Trying Direct I/O write:
##### DESTRUCTIVE - OVERWRITES BAD SECTOR! #####
$ dd if=/dev/zero of=/dev/sdb seek=15365772 count=1 oflag=direct
1+0 records in
1+0 records out
512 bytes copied, 0.000588475 s, 870 kB/s
Looks good! Now try reading:
$ dd if=/dev/sdb skip=15365772 of=bad.bin count=1 iflag=direct
1+0 records in
1+0 records out
512 bytes copied, 0.00862607 s, 59.4 kB/s
Also looks good!
We can also see in SMART attributes (diff comparing with old SMART output)
65,66c65,66
< 197 Current_Pending_Sector 0x0008 253 253 000 Old_age Offline - 2
< 198 Offline_Uncorrectable 0x0008 253 253 000 Old_age Offline - 0
---
> 197 Current_Pending_Sector 0x0008 253 253 000 Old_age Offline - 1
> 198 Offline_Uncorrectable 0x0008 252 252 000 Old_age Offline - 1
Looks good - try again smart test from broken sector:
smartctl -t select,15365772-max /dev/sdb
(you should hear HDD seeking for some time)

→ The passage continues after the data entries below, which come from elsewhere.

lemma (in prob_space) nn_integral_ruin_time_poisson_gap_sq_le:
  assumes indep: "indep_vars (\<lambda>_. borel) (case_sum E U) UNIV"
    and exp: "\<And>i. distributed M lborel (E i) (exponential_density 1)"
    and [measurable]: "\<And>k. U k \<in> borel_measurable M" and "0 < N"
  shows "(\<integral>\<^sup>+\<omega>. ennreal ((c * (ruin_time N X0 Y0 E U \<omega> - scaled_count N E (ruin_time N X0 Y0 E U \<omega>) \<omega>))\<^sup>2) \<partial>M)
           \<le> ennreal (c\<^sup>2 * real (X0 + Y0) / (real N)\<^sup>2)"
proof -
  let ?K = "ruin_index X0 Y0 U"
  have [measurable]: "E k \<in> borel_measurable M" for k
    using distributed_measurable[OF exp] by simp
  have "AE \<omega> in M. 0 < E i \<omega>" for i
    using AE_prob_1[of "{\<omega> \<in> space M. 0 < E i \<omega>}"] exponential_distributedD_gt[OF exp, of 0 i]
    by simp
  then have "AE \<omega> in M. \<forall>i. 0 < E i \<omega>"
    by (simp add: AE_all_countable)
  then have "AE \<omega> in M.
      ennreal ((c * (ruin_time N X0 Y0 E U \<omega> - scaled_count N E (ruin_time N X0 Y0 E U \<omega>) \<omega>))\<^sup>2)
        = ennreal (c\<^sup>2 / (real N)\<^sup>2) * ennreal ((jump_time E (?K \<omega>) \<omega> - real (?K \<omega>))\<^sup>2)"
  proof eventually_elim
    case (elim \<omega>)
    then have pos: "\<And>i. 0 < E i \<omega>" by simp
    have "scaled_count N E (ruin_time N X0 Y0 E U \<omega>) \<omega> = real (?K \<omega>) / real N"
      by (simp add: scaled_count_def poisson_count_ruin_time[of E \<omega>, OF pos \<open>0 < N\<close>])
    then show ?case
      by (simp add: ruin_time_eq_jump_time[of E \<omega>, OF pos \<open>0 < N\<close>] ennreal_mult[symmetric]
          power_mult_distrib power_divide diff_divide_distrib[symmetric])
  qed
  then have "(\<integral>\<^sup>+\<omega>. ennreal ((c * (ruin_time N X0 Y0 E U \<omega> - scaled_count N E (ruin_time N X0 Y0 E U \<omega>) \<omega>))\<^sup>2) \<partial>M)
      = ennreal (c\<^sup>2 / (real N)\<^sup>2) * (\<integral>\<^sup>+\<omega>. ennreal ((jump_time E (?K \<omega>) \<omega> - real (?K \<omega>))\<^sup>2) \<partial>M)"
    by (simp add: nn_integral_cong_AE nn_integral_cmult)
  also have "\<dots> \<le> ennreal (c\<^sup>2 / (real N)\<^sup>2) * ennreal (real (X0 + Y0))"
    by (intro mult_left_mono nn_integral_jump_time_ruin_index_sq_le[OF indep exp]) auto
  also have "\<dots> = ennreal (c\<^sup>2 * real (X0 + Y0) / (real N)\<^sup>2)"
    by (subst ennreal_mult[symmetric]) auto
  finally show ?thesis .
qed

theorem mainTheorem12:
  fixes M :: "'a measure"
    and E U :: "nat \<Rightarrow> 'a \<Rightarrow> real"
    and X0 Y0 :: "nat \<Rightarrow> nat"
    and T :: real
    and \<mu> :: "real measure"
  assumes "prob_space M"
    and "prob_space.indep_vars M (\<lambda>_. borel) (case_sum E U) UNIV"
    and "\<And>k. distributed M lborel (E k) (exponential_density 1)"
    and "\<And>k. distributed M lborel (U k) (indicator {0..1})"
    and "\<And>N. 0 < N \<Longrightarrow> real (X0 N) / real N + real (Y0 N) / real N = T"
    and "real_distribution \<mu>"
  defines "Shat \<equiv> \<lambda>N \<omega>. real N powr (1/4) *
             (T - scaled_count N E (ruin_time N (X0 N) (Y0 N) E U \<omega>) \<omega>)"
    and "S \<equiv> \<lambda>N \<omega>. real N powr (1/4) * (T - ruin_time N (X0 N) (Y0 N) E U \<omega>)"
  shows "(\<forall>N>0. (\<integral>\<^sup>+ \<omega>. ennreal ((Shat N \<omega> - S N \<omega>)\<^sup>2) \<partial>M)
                   \<le> ennreal (T * real N powr (-1/2)))
       \<and> (weak_conv_m (\<lambda>N. distr M borel (Shat N)) \<mu>
            \<longleftrightarrow> weak_conv_m (\<lambda>N. distr M borel (S N)) \<mu>)"
proof -
  interpret prob_space M by fact
  have [measurable]: "E k \<in> borel_measurable M" "U k \<in> borel_measurable M" for k
    using distributed_measurable[OF assms(3)] distributed_measurable[OF assms(4)] by simp_all
  define c where "c N = T * real N powr (-1/2)" for N :: nat
  have close: "(\<integral>\<^sup>+ \<omega>. ennreal ((Shat N \<omega> - S N \<omega>)\<^sup>2) \<partial>M) \<le> ennreal (c N)" if "0 < N" for N
  proof -
    have "(real N powr (1/4))\<^sup>2 * real (X0 N + Y0 N) / (real N)\<^sup>2 = c N"
      using assms(5)[OF that] that
      by (simp add: c_def powr_power powr_minus_divide power2_eq_square field_simps flip: powr_add)
    moreover have "Shat N \<omega> - S N \<omega> = real N powr (1/4) *
        (ruin_time N (X0 N) (Y0 N) E U \<omega> - scaled_count N E (ruin_time N (X0 N) (Y0 N) E U \<omega>) \<omega>)" for \<omega>
      by (simp add: Shat_def S_def algebra_simps)
    ultimately show ?thesis
      using nn_integral_ruin_time_poisson_gap_sq_le[OF assms(2,3) _ that, of "real N powr (1/4)" "X0 N" "Y0 N"]
      by simp
  qed
  moreover have "0 \<le> c N" for N
    using assms(5)[of 1] by (simp add: c_def)
  moreover have "c \<longlonglongrightarrow> 0"
    unfolding c_def by real_asymp
  moreover have [measurable]: "Shat N \<in> borel_measurable M" "S N \<in> borel_measurable M" for N
    unfolding Shat_def S_def scaled_count_def by measurable
  ultimately show ?thesis
    using weak_conv_m_of_L2_close[OF assms(1) _ _ assms(6), of Shat S c]
          weak_conv_m_of_L2_close[OF assms(1) _ _ assms(6), of S Shat c]
    by (auto simp: c_def power2_commute)
qed

end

You can watch progress of this selective self-test with:
$ smartctl -l selective /dev/sdb
smartctl 7.3 2022-02-28 r5338 [x86_64-linux-6.8.12-10-pve] (local build)
Copyright (C) 2002-22, Bruce Allen, Christian Franke, www.smartmontools.org
=== START OF READ SMART DATA SECTION ===
SMART Selective self-test log data structure revision number 1
SPAN MIN_LBA MAX_LBA CURRENT_TEST_STATUS
1 15365772 398297087 Self_test_in_progress [40% left] (20870712-20936247)
2 0 0 Not_testing
3 0 0 Not_testing
4 0 0 Not_testing
5 0 0 Not_testing
OS Recovery
I have 3 BSDs there (FreeBSD, NetBSD, OpenBSD). Affected system was FreeBSD. Unexpected the filesystem was heavily corrupted - missing essential commands.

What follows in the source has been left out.